TEHRAN (Tasnim) – Britain's Chancellor of the Exchequer Sajid Javid refused to rule out a no-deal Brexit as he reiterated the Conservatives’ plans to bring the UK out of the EU in March 2020.

He was repeatedly asked on Thursday whether there was a possibility the UK could leave with no deal at the end of 2020. He said the chances of that were “extremely remote” but dodged several opportunities to rule it out.

He claimed the outline of a free trade agreement had already been worked out, saying: “By the end of 2020, we will have agreed and finalized the trade deal, a very ambitious, deep, comprehensive free trade agreement. And we will get that done also by the end of 2020, The Guardian reported.

“In the time that we’ve been negotiating over the last 100 days or so, it wasn’t just the exit agreement ... We have also negotiated and worked and agreed the outline of the ambitious free trade agreement.

“There is not a single doubt in my mind that it can be agreed within months, and we can get it through parliament by 2020.”

Asked what tariffs the car industry would pay under such a deal, Javid said, “Because it’s a deep, comprehensive free trade agreement, its zero tariffs, zero quotas, not just for the car industry, an agreement on services, having equivalents on financial services, we’ve set all this out.”

Painting a stark choice between a Tory majority government and a “chaotic” coalition following a hung parliament, the chancellor restated his party’s key pledges to increase spending on the NHS and schools, recruit more police officers and raise the threshold at which people begin making national insurance contributions.

Despite leaving open the possibility of the UK crashing out of the EU, Javid stressed the UK would secure a trade deal with the bloc by the end of next year and said a zero-tariff deal had been agreed in principle, though he admitted there was still “some detail” to discuss.

“Nobody wants a no-deal Brexit,” he told BBC Radio 4’s Today program. “Every business I speak to, their fears are the uncertainty around Brexit. They want that to end. They want the deal to go through.”

He added: “We are getting on with Brexit. We are delivering our exit from the EU. We’ve agreed a fantastic new trade deal with the EU. Businesses are also absolutely petrified of a Jeremy Corbyn government.”

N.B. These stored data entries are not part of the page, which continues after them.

(* For all $n\ge1$, $k\ge1$ and every $\pi\in\mathbf{C}(n,k)$, the list $\mathcal{C}(\pi)$ contains every element of $\mathbf{C}(n,k)$ exactly once (so it has length $k^n n!$), each entry after the first is obtained from the preceding entry by a flip, and the first entry is obtained from the last entry by a flip of length $n$ (i.e. if $L$ is the last entry then $\mathrm{flip}_n(L)=\pi$).
   Context: Fix integers $n\ge1$, $k\ge1$. A $k$-coloured permutation of $\{1,\dots,n\}$ is a sequence $\pi=p_1p_2\cdots p_n$ with $p_i=v_i^{c_i}$, where $v_1\cdots v_n$ is a permutation of $\{1,\dots,n\}$ and each $c_i\in\{0,\dots,k-1\}$; the set of these is $\mathbf{C}(n,k)$. A pre-perm is a prefix $p_1\cdots p_j$ ($1\le j\le n$) of some element of $\mathbf{C}(n,k)$. For $p=v^c$ and integer $s$, $p^{+s}=v^{(c+s)\bmod k}$; for $\mathbf{p}=p_1\cdots p_j$, $\mathbf{p}^{+s}=p_1^{+s}\cdots p_j^{+s}$. For $1\le i\le n$, $\mathrm{flip}_i(p_1\cdots p_n)=p_i^{+1}p_{i-1}^{+1}\cdots p_1^{+1}p_{i+1}\cdots p_n$. For a pre-perm $\mathbf{p}$ of length $j$, $\rho(\mathbf{p})=r_1\cdots r_m$ ($m=kj$) is the concatenation $\mathbf{p}^{+(k-1)}\mathbf{p}^{+(k-2)}\cdots\mathbf{p}^{+0}$ viewed circularly (indices mod $m$), and $\rho(\mathbf{p})_i=r_{i-j+1}\cdots r_{i-1}$ (length $j-1$, indices mod $m$). The list $\mathcal{C}(\mathbf{p})$: if $j=1$, $\mathcal{C}(p_1)=p_1^{+0},p_1^{+1},\dots,p_1^{+(k-1)}$; if $j\ge2$, $\mathcal{C}(\mathbf{p})$ is the concatenation for $i=m,m-1,\dots,1$ of the lists obtained from $\mathcal{C}(\rho(\mathbf{p})_i)$ by appending $r_i$ to every entry. *)

theory Defs
  imports Main
begin

text \<open>A coloured symbol v^c is the pair (v, c). A (pre-)perm is a list of such pairs.\<close>

type_synonym csym = "nat \<times> nat"

definition Cnk :: "nat \<Rightarrow> nat \<Rightarrow> csym list set" where
  "Cnk n k = {ps. length ps = n \<and> distinct (map fst ps) \<and> set (map fst ps) = {1..n}
                  \<and> (\<forall>p\<in>set ps. snd p < k)}"

definition shift :: "nat \<Rightarrow> nat \<Rightarrow> csym \<Rightarrow> csym" where
  "shift k s p = (fst p, (snd p + s) mod k)"

definition shiftl :: "nat \<Rightarrow> nat \<Rightarrow> csym list \<Rightarrow> csym list" where
  "shiftl k s ps = map (shift k s) ps"

definition flip :: "nat \<Rightarrow> nat \<Rightarrow> csym list \<Rightarrow> csym list" where
  "flip k i ps = shiftl k 1 (rev (take i ps)) @ drop i ps"

text \<open>rho(p) = p^{+(k-1)} p^{+(k-2)} ... p^{+0}, as a list r_1 ... r_m (r_i = rho ! (i-1)).\<close>
definition rho :: "nat \<Rightarrow> csym list \<Rightarrow> csym list" where
  "rho k ps = concat (map (\<lambda>t. shiftl k (k - 1 - t) ps) [0..<k])"

text \<open>rho(p)_i = r_{i-j+1} ... r_{i-1}, indices taken circularly mod m (1-based),
  for 1 <= i <= m, j = length p, m = k*j.\<close>
definition rho_win :: "nat \<Rightarrow> csym list \<Rightarrow> nat \<Rightarrow> csym list" where
  "rho_win k ps i =
     (let j = length ps; r = rho k ps; m = length r
      in map (\<lambda>d. r ! ((i + m - j + d) mod m)) [0..<j - 1])"

lemma length_rho_win[simp]: "length (rho_win k ps i) = length ps - 1"
  by (simp add: rho_win_def Let_def)

function Clist :: "nat \<Rightarrow> csym list \<Rightarrow> csym list list" where
  "Clist k ps =
     (if length ps = 0 then []
      else if length ps = 1 then map (\<lambda>s. shiftl k s ps) [0..<k]
      else (let r = rho k ps; m = length r in
            concat (map (\<lambda>i. map (\<lambda>e. e @ [r ! (i - 1)]) (Clist k (rho_win k ps i)))
                        (rev [1..<m + 1]))))"
  by pat_completeness auto
termination
  by (relation "measure (\<lambda>(k, ps). length ps)") auto

declare Clist.simps[simp del]

end

(* Induction on the length j of the pre-perm p.  The word \<rho>(p) contains every coloured
   symbol v^c with v in p exactly once, and its circular windows w_i = r_(i-j+1) ... r_i are
   rotations of p up to colours.  The i-th block of \<C>(p) is \<C>(butlast w_i) with r_i appended; by induction it
   lists, one flip apart, exactly the arrangements of p that end in r_i, starting at w_i.
   Stepping a window back by one moves r_(i+1) to the front with its colour raised by one,
   so w_i is the full flip of the last entry of block i+1; the same relation between the last
   block and w_0 = w_(kj) = p closes the cycle. *)

theory Submission
  imports Defs "HOL-Number_Theory.Cong"
begin

lemma length_concat_map_const:
  "(\<And>x. x \<in> set xs \<Longrightarrow> length (f x) = c) \<Longrightarrow> length (concat (map f xs)) = length xs * c"
  by (induction xs) auto

lemma nth_concat_map_upt_const:
  assumes "\<And>t. t < K \<Longrightarrow> length (f t) = c" and "t < K" and "a < c"
  shows "concat (map f [0..<K]) ! (t * c + a) = f t ! a"
  using assms
proof (induction K)
  case (Suc K)
  have len: "length (concat (map f [0..<K])) = K * c"
    using Suc.prems(1) by (subst length_concat_map_const[where c = c]) auto
  show ?case
  proof (cases "t < K")
    case True
    have "t * c + a < Suc t * c" using Suc.prems(3) by simp
    also have "\<dots> \<le> K * c" using True by (intro mult_le_mono1) simp
    finally show ?thesis using Suc True by (simp add: nth_append len)
  next
    case False
    then have "t = K" using Suc.prems(2) by simp
    then show ?thesis by (simp add: nth_append len)
  qed
qed simp

lemma distinct_concat_map:
  "distinct xs \<Longrightarrow> (\<And>x. x \<in> set xs \<Longrightarrow> distinct (f x)) \<Longrightarrow>
   (\<And>x y. x \<in> set xs \<Longrightarrow> y \<in> set xs \<Longrightarrow> x \<noteq> y \<Longrightarrow> set (f x) \<inter> set (f y) = {}) \<Longrightarrow>
   distinct (concat (map f xs))"
  by (induction xs) auto

lemma successively_concat_map:
  assumes "\<And>x. x \<in> set xs \<Longrightarrow> f x \<noteq> [] \<and> successively P (f x)"
    and "successively (\<lambda>x y. P (last (f x)) (hd (f y))) xs"
  shows "successively P (concat (map f xs))"
  using assms
proof (induction xs rule: induct_list012)
  case (3 x y zs)
  have "successively P (concat (map f (y # zs)))"
    using "3.IH"(2) "3.prems" by (simp add: successively_Cons)
  moreover have "f x \<noteq> []" "f y \<noteq> []" "successively P (f x)" "P (last (f x)) (hd (f y))"
    using "3.prems" by auto
  moreover have "concat (map f (x # y # zs)) = f x @ concat (map f (y # zs))"
    and "hd (concat (map f (y # zs))) = hd (f y)"
    using \<open>f y \<noteq> []\<close> by simp_all
  ultimately show ?case
    by (metis successively_append_iff)
qed simp_all

lemma successively_upt_Suc: "successively (\<lambda>x y. y = Suc x) [a..<b]"
proof (induction b)
  case (Suc b)
  show ?case
  proof (cases "a < b")
    case True
    then have "last [a..<b] = b - 1" by (simp add: last_upt)
    then show ?thesis using Suc True by (simp add: successively_append_iff)
  next
    case False
    then have "[a..<Suc b] = [] \<or> [a..<Suc b] = [b]" by auto
    then show ?thesis by auto
  qed
qed simp

subsection \<open>Colour shifts\<close>

lemma fst_shift [simp]: "fst (shift k s p) = fst p"
  by (simp add: shift_def)

lemma snd_shift_less: "0 < k \<Longrightarrow> snd (shift k s p) < k"
  by (simp add: shift_def)

lemma shift_0: "snd p < k \<Longrightarrow> shift k 0 p = p"
  by (simp add: shift_def)

lemma shift_shift: "shift k a (shift k b p) = shift k (a + b) p"
  by (simp add: shift_def mod_add_right_eq add.assoc add.commute add.left_commute)

lemma shift_cong_mod: "a mod k = b mod k \<Longrightarrow> shift k a p = shift k b p"
  by (simp add: shift_def) (metis mod_add_cong)

lemma shift_inj:
  assumes "shift k s p = shift k s' p" and "s < k" and "s' < k"
  shows "s = s'"
proof -
  have "[snd p + s = snd p + s'] (mod k)"
    using assms(1) by (simp add: shift_def cong_def)
  then have "[s = s'] (mod k)"
    by (simp add: cong_add_lcancel_nat)
  then show ?thesis
    using assms(2,3) by (simp add: cong_def)
qed

lemma shift_surj:
  assumes "fst q = fst p" and "snd p < k" and "snd q < k"
  shows "\<exists>s<k. shift k s p = q"
proof (intro exI conjI)
  let ?s = "(snd q + k - snd p) mod k"
  show "?s < k" using assms(2) by simp
  have "(snd p + ?s) mod k = (snd q + k) mod k"
    using assms(2) by (simp add: mod_add_right_eq)
  then show "shift k ?s p = q"
    using assms(1,3) by (simp add: shift_def prod_eq_iff)
qed

lemma length_shiftl [simp]: "length (shiftl k s ps) = length ps"
  by (simp add: shiftl_def)

definition pre_perm :: "nat \<Rightarrow> csym list \<Rightarrow> bool" where
  "pre_perm k ps \<longleftrightarrow> distinct (map fst ps) \<and> (\<forall>p\<in>set ps. snd p < k)"

lemma pre_perm_butlast: "pre_perm k ps \<Longrightarrow> pre_perm k (butlast ps)"
  by (auto simp: pre_perm_def map_butlast distinct_butlast dest: in_set_butlastD)

subsection \<open>The circular word \<open>\<rho>\<close>\<close>

lemma length_rho [simp]: "length (rho k ps) = k * length ps"
  unfolding rho_def by (subst length_concat_map_const[where c = "length ps"]) auto

lemma nth_rho:
  assumes "t < k" and "a < length ps"
  shows "rho k ps ! (t * length ps + a) = shift k (k - 1 - t) (ps ! a)"
  unfolding rho_def using assms
  by (subst nth_concat_map_upt_const[where c = "length ps"]) (auto simp: shiftl_def)

definition rho_circ :: "nat \<Rightarrow> csym list \<Rightarrow> nat \<Rightarrow> csym" where
  "rho_circ k ps s = rho k ps ! (s mod (k * length ps))"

Tory ambitions to pass a tax-cutting, post-Brexit budget within 100 days of taking office have been dismissed by opposition parties, who cast doubt on the feasibility of the timetable. The Liberal Democrats described the plan as “pure fantasy” and accused Boris Johnson of lying to the public.

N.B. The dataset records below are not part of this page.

(* Splitting identity: a composition of m+n+2 either has m+1 as a partial sum, or has a part 2
   covering m+1 and m+2.  Proved by strong induction on m, expanding the first block. *)
lemma F_shift_split:
  "F_shift (m + n + 2) a = F_shift (m + 1) a * F_shift (n + 1) (a + m + 1)
     + y * q^(a + m) * F_shift m a * F_shift n (a + m + 2)"
proof (induction m arbitrary: a rule: less_induct)
  case (less m)
  consider "m = 0" | "m = 1" | j where "m = j + 2"
    by (metis One_nat_def add_2_eq_Suc' not0_implies_Suc)
  then show ?case
  proof cases
    case 1
    then show ?thesis
      using F_shift_Suc_Suc[of n a] by (simp add: F_shift_0 F_shift_1 numeral_2_eq_2)
  next
    case 2
    have rec: "F_shift (m + n + 2) a = x * q^a * F_shift (n + 2) (a + 1) + y * q^a * F_shift (n + 1) (a + 2)"
      using F_shift_Suc_Suc[of "n + 1" a] 2 by (simp add: numeral_2_eq_2)
    have two: "F_shift (m + 1) a = x * q^a * F_shift 1 (a + 1) + y * q^a"
      using F_shift_Suc_Suc[of 0 a] 2 by (simp add: F_shift_0)
    have ih: "F_shift (n + 2) (a + 1) = F_shift 1 (a + 1) * F_shift (n + 1) (a + 2)
        + y * q^(a + 1) * F_shift n (a + 3)"
      using less.IH[of 0 "a + 1"] 2 by (simp add: F_shift_0 numeral_2_eq_2 numeral_3_eq_3)
    show ?thesis
      unfolding rec ih two using 2
      by (simp add: F_shift_1 algebra_simps power_add numeral_2_eq_2 numeral_3_eq_3)
  next
    case 3
    have rec_left: "F_shift (m + n + 2) a = x * q^a * F_shift (j + n + 3) (a + 1)
        + y * q^a * F_shift (j + n + 2) (a + 2)"
      using F_shift_Suc_Suc[of "j + n + 2" a] 3 by (simp add: eval_nat_numeral)
    have rec_m1: "F_shift (m + 1) a = x * q^a * F_shift (j + 2) (a + 1) + y * q^a * F_shift (j + 1) (a + 2)"
      using F_shift_Suc_Suc[of "j + 1" a] 3 by (simp add: eval_nat_numeral)
    have rec_m: "F_shift m a = x * q^a * F_shift (j + 1) (a + 1) + y * q^a * F_shift j (a + 2)"
      using F_shift_Suc_Suc[of j a] 3 by (simp add: eval_nat_numeral)
    have ih1: "F_shift (j + n + 3) (a + 1) = F_shift (j + 2) (a + 1) * F_shift (n + 1) (a + m + 1)
        + y * q^(a + m) * F_shift (j + 1) (a + 1) * F_shift n (a + m + 2)"
      using less.IH[of "j + 1" "a + 1"] 3 by (simp add: algebra_simps eval_nat_numeral)
    have ih2: "F_shift (j + n + 2) (a + 2) = F_shift (j + 1) (a + 2) * F_shift (n + 1) (a + m + 1)
        + y * q^(a + m) * F_shift j (a + 2) * F_shift n (a + m + 2)"
      using less.IH[of j "a + 2"] 3 by (simp add: algebra_simps eval_nat_numeral)
    show ?thesis
      unfolding rec_left ih1 ih2 rec_m1 rec_m by (simp add: algebra_simps)
  qed
qed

It was put to Javid that Johnson had only managed to secure a new Brexit deal by agreeing to a customs border in the Irish Sea – which had previously been a major red line – but he did not respond to that point.

Asked whether he would have written an article comparing veiled Muslim women to letterboxes, as Johnson had, Javid refused to criticize his party’s leader.

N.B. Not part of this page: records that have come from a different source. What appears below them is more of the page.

lemma expansion_from_termwise_limits:
  fixes f :: "nat \<Rightarrow> real" and g :: "'i \<Rightarrow> nat \<Rightarrow> real"
  assumes "finite I" "j \<in> I"
    and lim: "\<And>i. i \<in> I \<Longrightarrow> ((\<lambda>n. g i n / real n powr e i) \<longlongrightarrow> c i) sequentially"
    and f: "\<And>n. n \<ge> 1 \<Longrightarrow> f n = (\<Sum>i\<in>I. g i n)"
  shows "\<exists>r. (\<forall>i\<in>I. r i \<in> o(\<lambda>n. real n powr e i))
           \<and> (\<forall>n. f n = (\<Sum>i\<in>I. c i * real n powr e i + r i n))"
proof -
  text \<open>Since \<open>0 powr e = 0\<close>, the value \<open>f 0\<close> has to be carried by one of the remainders.\<close>
  define r where "r i n = (if n = 0 then (if i = j then f 0 else 0) else g i n - c i * real n powr e i)"
    for i n
  have "r i \<in> o(\<lambda>n. real n powr e i)" if "i \<in> I" for i
  proof (rule smalloI_tendsto)
    have "((\<lambda>n. g i n / real n powr e i - c i) \<longlongrightarrow> 0) sequentially"
      using tendsto_diff[OF lim[OF that] tendsto_const[of "c i"]] by simp
    then show "((\<lambda>n. r i n / real n powr e i) \<longlongrightarrow> 0) sequentially"
      by (rule Lim_transform_eventually)
         (auto simp: eventually_sequentially r_def field_simps intro!: exI[of _ 1])
  qed (auto simp: eventually_sequentially intro!: exI[of _ 1])
  moreover have "f n = (\<Sum>i\<in>I. c i * real n powr e i + r i n)" for n
  proof (cases "n = 0")
    case True
    then show ?thesis
      using assms(1,2) by (simp add: r_def)
  next
    case False
    then show ?thesis by (simp add: r_def f)
  qed
  ultimately show ?thesis by blast
qed

lemma summable_powr_expansion:
  assumes "finite I" "\<And>i. i \<in> I \<Longrightarrow> e i < -1" "\<And>i. i \<in> I \<Longrightarrow> r i \<in> o(\<lambda>n. real n powr e i)"
  shows "summable (\<lambda>n. \<Sum>i\<in>I. c i * real n powr e i + r i n)"
proof (rule summable_sum)
  fix i assume "i \<in> I"
  show "summable (\<lambda>n. c i * real n powr e i + r i n)"
  proof (rule summable_comparison_test_bigo)
    show "summable (\<lambda>n. norm (real n powr e i))"
      using assms(2)[OF \<open>i \<in> I\<close>] by (simp add: summable_real_powr_iff)
    show "(\<lambda>n. c i * real n powr e i + r i n) \<in> O(\<lambda>n. real n powr e i)"
      using assms(3)[OF \<open>i \<in> I\<close>] by (intro sum_in_bigo) (auto intro: landau_o.small_imp_big)
  qed
qed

“I don’t write articles,” he said. “He was a journalist and he’s written lots of articles, as he’s said himself, people can pick one word out or another but what matters is the kind of prime minister he’s going to be.”

His comments came a day after it emerged that Johnson had claimed that children of working mothers in low-income families were more likely to “mug you on the street corner”.

Javid, a former Deutsche Bank director, was also asked whether the Conservatives were ashamed of rising homelessness under the party. He sought to deflect blame towards Labor, which had claimed government policies had been “directly responsible” for people living and dying on the streets.

“I care deeply about the worst off in our society,” Javid told Sky. “Homelessness reached its peak in 2008 under the last Labor government, since then it’s down by almost a half. There’s still a long way to go, we’ve still got work to do, but its Labor that was responsible for the massive rise in homelessness.”

Javid also restated Tory plans to introduce an Australian-style points-based system for immigration. “We have a right to control our borders and that’s what you’ll get with the Conservatives, is this Australian-type system,” he said.

“It will mean we will have immigration, of course we will, and immigration – I say this as a second-generation migrant myself – has benefited our country immensely in so many ways.”